[TASK PROMPT]: If a line in the material below has the word "open", copy it.

↓↓↓

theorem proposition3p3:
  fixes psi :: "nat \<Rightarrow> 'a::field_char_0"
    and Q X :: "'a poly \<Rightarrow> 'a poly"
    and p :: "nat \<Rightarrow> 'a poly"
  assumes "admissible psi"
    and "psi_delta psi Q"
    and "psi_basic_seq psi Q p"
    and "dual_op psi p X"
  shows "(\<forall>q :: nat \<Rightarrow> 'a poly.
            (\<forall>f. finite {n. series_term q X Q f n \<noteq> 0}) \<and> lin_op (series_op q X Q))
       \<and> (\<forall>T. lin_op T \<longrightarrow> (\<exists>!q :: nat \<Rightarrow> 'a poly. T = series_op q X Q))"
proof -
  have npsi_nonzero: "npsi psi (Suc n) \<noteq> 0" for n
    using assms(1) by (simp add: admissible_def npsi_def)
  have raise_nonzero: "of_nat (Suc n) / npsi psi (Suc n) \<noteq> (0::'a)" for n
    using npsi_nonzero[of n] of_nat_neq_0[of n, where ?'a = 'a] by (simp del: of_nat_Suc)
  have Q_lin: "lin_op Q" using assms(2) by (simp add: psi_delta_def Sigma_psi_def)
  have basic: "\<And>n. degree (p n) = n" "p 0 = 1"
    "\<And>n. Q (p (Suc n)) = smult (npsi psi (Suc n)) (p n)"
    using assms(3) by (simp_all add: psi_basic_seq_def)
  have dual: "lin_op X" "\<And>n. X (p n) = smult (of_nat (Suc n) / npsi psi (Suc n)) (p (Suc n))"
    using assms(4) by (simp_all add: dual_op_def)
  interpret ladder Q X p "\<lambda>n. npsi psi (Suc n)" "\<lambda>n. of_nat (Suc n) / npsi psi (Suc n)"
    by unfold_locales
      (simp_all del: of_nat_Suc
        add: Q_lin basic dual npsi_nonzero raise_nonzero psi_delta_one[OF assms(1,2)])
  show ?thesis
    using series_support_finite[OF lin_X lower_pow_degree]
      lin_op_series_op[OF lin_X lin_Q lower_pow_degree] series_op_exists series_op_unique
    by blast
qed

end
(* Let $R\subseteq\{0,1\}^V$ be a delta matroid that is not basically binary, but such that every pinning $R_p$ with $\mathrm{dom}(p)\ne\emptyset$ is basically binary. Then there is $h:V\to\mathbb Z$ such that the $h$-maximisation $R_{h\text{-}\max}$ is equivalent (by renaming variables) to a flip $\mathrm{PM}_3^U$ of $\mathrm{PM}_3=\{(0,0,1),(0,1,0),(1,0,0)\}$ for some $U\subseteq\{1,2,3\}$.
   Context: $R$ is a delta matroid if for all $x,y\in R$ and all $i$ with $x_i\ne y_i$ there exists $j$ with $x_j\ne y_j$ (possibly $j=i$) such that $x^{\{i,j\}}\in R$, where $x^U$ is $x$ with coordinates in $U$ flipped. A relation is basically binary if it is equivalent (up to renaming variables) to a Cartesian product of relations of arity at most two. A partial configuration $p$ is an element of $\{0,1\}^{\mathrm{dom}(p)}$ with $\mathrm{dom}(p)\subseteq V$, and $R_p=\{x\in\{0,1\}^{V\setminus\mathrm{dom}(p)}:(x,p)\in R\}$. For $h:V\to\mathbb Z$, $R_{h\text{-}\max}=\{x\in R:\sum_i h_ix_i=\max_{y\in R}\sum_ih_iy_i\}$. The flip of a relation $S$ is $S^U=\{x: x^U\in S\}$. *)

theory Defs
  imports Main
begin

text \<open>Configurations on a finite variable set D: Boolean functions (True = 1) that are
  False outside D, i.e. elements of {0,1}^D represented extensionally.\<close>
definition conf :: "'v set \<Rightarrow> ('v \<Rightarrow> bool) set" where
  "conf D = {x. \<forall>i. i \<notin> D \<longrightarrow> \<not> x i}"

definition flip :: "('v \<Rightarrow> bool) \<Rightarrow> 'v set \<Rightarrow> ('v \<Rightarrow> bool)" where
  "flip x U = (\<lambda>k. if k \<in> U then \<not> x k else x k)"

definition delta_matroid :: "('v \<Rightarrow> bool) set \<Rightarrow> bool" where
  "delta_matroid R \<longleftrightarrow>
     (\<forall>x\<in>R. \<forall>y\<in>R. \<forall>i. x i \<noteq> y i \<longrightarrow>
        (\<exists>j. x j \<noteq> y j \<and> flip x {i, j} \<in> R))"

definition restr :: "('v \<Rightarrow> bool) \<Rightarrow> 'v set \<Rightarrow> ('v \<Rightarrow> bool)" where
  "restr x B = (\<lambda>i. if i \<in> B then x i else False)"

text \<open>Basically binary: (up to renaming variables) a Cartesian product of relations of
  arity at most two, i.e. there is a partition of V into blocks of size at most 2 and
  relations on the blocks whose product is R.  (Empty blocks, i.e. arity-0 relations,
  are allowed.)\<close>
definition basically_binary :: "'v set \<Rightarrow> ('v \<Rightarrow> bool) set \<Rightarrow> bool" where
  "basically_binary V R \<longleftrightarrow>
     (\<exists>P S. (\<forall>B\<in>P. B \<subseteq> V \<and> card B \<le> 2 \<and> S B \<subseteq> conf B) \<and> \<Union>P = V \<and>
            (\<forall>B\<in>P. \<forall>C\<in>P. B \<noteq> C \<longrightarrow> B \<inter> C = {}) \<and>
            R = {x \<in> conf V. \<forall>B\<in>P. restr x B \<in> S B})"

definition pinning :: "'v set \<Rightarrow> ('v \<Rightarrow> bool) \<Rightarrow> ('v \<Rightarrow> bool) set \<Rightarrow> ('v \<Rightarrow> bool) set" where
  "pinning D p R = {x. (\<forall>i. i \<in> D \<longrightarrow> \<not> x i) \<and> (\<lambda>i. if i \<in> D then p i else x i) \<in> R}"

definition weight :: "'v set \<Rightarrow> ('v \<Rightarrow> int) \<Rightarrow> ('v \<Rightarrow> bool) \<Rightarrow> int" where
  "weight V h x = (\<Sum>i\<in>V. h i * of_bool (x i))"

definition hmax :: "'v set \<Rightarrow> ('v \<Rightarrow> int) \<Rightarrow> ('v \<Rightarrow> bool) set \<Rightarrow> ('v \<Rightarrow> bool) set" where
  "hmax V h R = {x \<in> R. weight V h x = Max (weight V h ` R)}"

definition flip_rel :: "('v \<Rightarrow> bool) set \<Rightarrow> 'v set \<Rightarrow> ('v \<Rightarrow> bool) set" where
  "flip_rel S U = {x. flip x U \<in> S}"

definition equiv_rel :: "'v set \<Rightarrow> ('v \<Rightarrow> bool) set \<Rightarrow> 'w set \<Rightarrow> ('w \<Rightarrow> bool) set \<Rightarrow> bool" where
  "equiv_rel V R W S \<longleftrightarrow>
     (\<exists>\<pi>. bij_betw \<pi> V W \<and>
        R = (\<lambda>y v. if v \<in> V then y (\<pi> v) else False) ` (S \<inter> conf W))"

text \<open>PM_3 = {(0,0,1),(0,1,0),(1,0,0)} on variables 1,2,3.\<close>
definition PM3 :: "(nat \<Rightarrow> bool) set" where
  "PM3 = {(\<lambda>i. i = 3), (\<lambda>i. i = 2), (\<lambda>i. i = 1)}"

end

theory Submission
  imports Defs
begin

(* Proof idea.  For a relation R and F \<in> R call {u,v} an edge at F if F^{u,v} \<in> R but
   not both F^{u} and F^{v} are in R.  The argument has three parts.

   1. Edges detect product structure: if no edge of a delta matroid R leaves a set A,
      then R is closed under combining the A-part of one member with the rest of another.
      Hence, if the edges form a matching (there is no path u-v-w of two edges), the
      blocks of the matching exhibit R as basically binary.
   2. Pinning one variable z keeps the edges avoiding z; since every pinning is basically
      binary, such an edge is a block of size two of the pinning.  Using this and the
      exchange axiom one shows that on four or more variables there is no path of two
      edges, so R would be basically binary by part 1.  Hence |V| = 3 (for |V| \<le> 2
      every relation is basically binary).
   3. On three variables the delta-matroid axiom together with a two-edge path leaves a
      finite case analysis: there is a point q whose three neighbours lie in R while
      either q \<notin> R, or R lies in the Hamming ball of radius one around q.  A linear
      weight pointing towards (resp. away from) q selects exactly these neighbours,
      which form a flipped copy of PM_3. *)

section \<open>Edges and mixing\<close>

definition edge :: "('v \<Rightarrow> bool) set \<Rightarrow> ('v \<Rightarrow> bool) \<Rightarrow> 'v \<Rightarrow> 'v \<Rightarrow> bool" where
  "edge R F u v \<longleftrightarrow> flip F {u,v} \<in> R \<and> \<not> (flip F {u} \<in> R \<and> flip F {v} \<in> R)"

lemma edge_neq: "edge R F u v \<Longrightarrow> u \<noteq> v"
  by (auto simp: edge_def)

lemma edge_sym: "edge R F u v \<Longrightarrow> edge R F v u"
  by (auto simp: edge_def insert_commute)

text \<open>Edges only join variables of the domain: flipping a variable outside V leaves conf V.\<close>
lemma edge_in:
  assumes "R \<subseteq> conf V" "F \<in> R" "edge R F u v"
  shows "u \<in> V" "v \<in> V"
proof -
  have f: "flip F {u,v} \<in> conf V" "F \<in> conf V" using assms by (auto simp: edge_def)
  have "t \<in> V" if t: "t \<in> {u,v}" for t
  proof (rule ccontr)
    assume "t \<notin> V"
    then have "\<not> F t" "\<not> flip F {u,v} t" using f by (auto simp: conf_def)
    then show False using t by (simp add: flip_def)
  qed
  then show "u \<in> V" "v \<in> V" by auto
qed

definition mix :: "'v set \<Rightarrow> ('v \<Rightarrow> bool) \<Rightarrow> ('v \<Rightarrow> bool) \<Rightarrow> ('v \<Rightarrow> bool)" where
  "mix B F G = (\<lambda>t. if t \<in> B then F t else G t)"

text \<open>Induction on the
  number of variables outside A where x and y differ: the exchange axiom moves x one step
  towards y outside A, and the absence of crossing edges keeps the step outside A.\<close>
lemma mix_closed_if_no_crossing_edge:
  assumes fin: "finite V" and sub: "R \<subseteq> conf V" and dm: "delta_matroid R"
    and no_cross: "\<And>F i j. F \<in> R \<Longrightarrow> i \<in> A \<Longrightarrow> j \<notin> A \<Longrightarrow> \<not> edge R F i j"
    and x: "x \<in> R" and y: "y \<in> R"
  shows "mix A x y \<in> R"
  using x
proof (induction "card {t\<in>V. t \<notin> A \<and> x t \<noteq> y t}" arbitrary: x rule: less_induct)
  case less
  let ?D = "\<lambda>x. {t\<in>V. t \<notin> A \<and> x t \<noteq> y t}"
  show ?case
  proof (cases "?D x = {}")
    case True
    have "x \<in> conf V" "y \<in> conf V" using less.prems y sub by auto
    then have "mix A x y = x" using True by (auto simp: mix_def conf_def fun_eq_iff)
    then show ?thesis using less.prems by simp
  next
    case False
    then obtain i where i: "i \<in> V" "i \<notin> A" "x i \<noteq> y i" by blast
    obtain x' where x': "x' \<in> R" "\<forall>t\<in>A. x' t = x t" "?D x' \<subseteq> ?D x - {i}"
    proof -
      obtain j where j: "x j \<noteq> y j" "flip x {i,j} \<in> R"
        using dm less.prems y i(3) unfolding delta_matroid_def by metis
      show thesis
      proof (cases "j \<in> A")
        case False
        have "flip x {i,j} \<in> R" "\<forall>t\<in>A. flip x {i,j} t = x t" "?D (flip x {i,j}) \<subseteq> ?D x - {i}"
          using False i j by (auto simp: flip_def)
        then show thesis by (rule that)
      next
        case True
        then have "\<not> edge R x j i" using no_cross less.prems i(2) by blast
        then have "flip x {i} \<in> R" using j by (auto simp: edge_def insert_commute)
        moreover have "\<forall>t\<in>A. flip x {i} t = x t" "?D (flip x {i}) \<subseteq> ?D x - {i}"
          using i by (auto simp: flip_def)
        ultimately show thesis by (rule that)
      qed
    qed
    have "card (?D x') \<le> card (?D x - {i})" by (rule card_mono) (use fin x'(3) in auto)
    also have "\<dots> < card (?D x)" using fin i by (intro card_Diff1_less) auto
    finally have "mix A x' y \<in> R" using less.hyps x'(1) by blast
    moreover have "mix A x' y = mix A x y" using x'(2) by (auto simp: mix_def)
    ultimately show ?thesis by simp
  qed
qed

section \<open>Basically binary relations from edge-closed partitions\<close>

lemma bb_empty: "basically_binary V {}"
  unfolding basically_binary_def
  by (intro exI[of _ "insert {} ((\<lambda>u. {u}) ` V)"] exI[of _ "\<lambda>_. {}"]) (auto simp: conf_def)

↑↑↑

[RESULT FOR THIS EXERCISE]:
text \<open>Configurations on a finite variable set D: Boolean functions (True = 1) that are
text \<open>Basically binary: (up to renaming variables) a Cartesian product of relations of
text \<open>PM_3 = {(0,0,1),(0,1,0),(1,0,0)} on variables 1,2,3.\<close>
section \<open>Edges and mixing\<close>
text \<open>Edges only join variables of the domain: flipping a variable outside V leaves conf V.\<close>
text \<open>Induction on the
section \<open>Basically binary relations from edge-closed partitions\<close>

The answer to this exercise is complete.